The NCH Sleep DataBank can potentially be used to study many problems related to pediatric sleep, including but not limited to:

  • Automatic sleep scoring (sleep stage classification): Sleep scoring divides sleep into two stages, rapid eye movement (REM), and non-REM, then further divides the latter into shallow sleep (stages N1 and N2) and deep sleep (stage N3)9,10,11, in addition to wake (Stage W). In typical pediatric clinical settings, this is a time-consuming and tedious process done by a technician. Many computational algorithms have shown promise for automatic sleep scoring in adults12, which encourage exploration on automatic sleep scoring for infants and children. Algorithms that combine PSG modalities beyond EEG or ECG13 especially warrant more investigation.
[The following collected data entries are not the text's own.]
lemma exists_matrix_col_row_space:
  fixes U :: "('a::field^'m) set" and V :: "('a^'n) set"
  assumes U: "vec.subspace U" "vec.dim U = r" and V: "vec.subspace V" "vec.dim V = r"
    and "r \<le> CARD('n)"
  obtains X :: "'a^'n^'m" where "rank X = r" "col_space X = U" "row_space X = V"
proof -
  obtain I :: "'n set" where I: "card I = r"
    using obtain_subset_with_card_n[OF assms(5)] by metis
  obtain BU where BU: "vec.independent BU" "vec.span BU = U" "card BU = r"
    using vec.basis_exists[of U] U vec.span_subspace by metis
  obtain BV where BV: "vec.independent BV" "vec.span BV = V" "card BV = r"
    using vec.basis_exists[of V] V vec.span_subspace by metis
  obtain fu where fu: "bij_betw fu I BU"
    using finite_same_card_bij[of I BU] I BU(1,3) vec.finiteI_independent by auto
  obtain fv where fv: "bij_betw fv I BV"
    using finite_same_card_bij[of I BV] I BV(1,3) vec.finiteI_independent by auto
  define C where "C = matrix_of_columns I fu"
  define R where "R = transpose (matrix_of_columns I fv)"
  define X where "X = C ** R"
  have col_C: "col_space C = U" and row_R: "row_space R = V"
    using fu fv BU(2) BV(2)
    by (simp_all add: C_def R_def col_space_matrix_of_columns row_space_eq_col_space_transpose
        bij_betw_def)
  have "col_space R \<subseteq> {y. \<forall>j. j \<notin> I \<longrightarrow> y $ j = 0}"
    by (auto simp: col_space_eq_range R_def matrix_vector_mult_def transpose_def
        matrix_of_columns_def)
  then have "inj_on ((*v) C) (col_space R)"
    using inj_on_matrix_of_columns[of fu I] fu BU(1) inj_on_subset
    by (auto simp: C_def bij_betw_def)
  then have "vec.dim ((*v) C ` col_space R) = vec.dim (col_space R)"
    using vec.dim_image_eq[OF matrix_vector_mul_linear_gen, of C "col_space R"]
      vec.span_eq_iff[THEN iffD2, OF subspace_col_space[of R]]
    by simp
  moreover have "(*v) C ` col_space R = col_space X"
    by (auto simp: col_space_eq_range X_def matrix_vector_mul_assoc[symmetric] image_image)
  ultimately have rank_X: "rank X = r"
    using V(2) row_R rank_eq_dim_col_space[of R] rank_eq_dim_row_space[of R]
    by (simp add: rank_eq_dim_col_space)
  have "col_space X = U"
  proof (rule vec.subspace_dim_equal[OF subspace_col_space U(1)])
    show "col_space X \<subseteq> U"
      using col_space_mult_subset[of C R] col_C by (simp add: X_def)
  qed (use rank_X U(2) rank_eq_dim_col_space[of X] in simp)
  moreover have "row_space X = V"
  proof (rule vec.subspace_dim_equal[OF subspace_row_space V(1)])
    show "row_space X \<subseteq> V"
      using row_space_mult_subset[of C R] row_R by (simp add: X_def)
  qed (use rank_X V(2) rank_eq_dim_row_space[of X] in simp)
  ultimately show thesis
    using that rank_X by blast
qed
  • Automatic sleep disorder (e.g. obstructive apnea) detection: Large sets of PSG signals published with expert annotations can be leveraged to develop computational algorithms in sleep disorder detection, unleashing the potential of eventual real-time systems that read these signals and detect sleep disorders at their onsets14,15. OSA detection is particularly important, as OSA is associated with various cardiovascular, respiratory, and neurocognitive deficits and morbidity among infants and children2,3.

  • Diagnosis prediction: Statistical models that predict or measure the risk of diagnoses using other variables (e.g. other diagnoses, demographic, features from PSG, encounters, measurement values) can be constructed and validated to create hypotheses for further experiment.

  • Identifying patient subgroups: Given the demographics and medical history, patients can be divided into clinically meaningful subgroups before further analysis, as demonstrated in this paper for PWS. Additionally, data-driven approaches may be developed to reveal clusters within the patient population, which could affect their symptoms or best courses of treatment, e.g. as suggested for insomnia16.

  • Treatment efficacy analysis: Retrospective studies using the accompanying longitudinal clinical data (e.g. medications and procedures) can be used to analyze efficacy of different treatments options.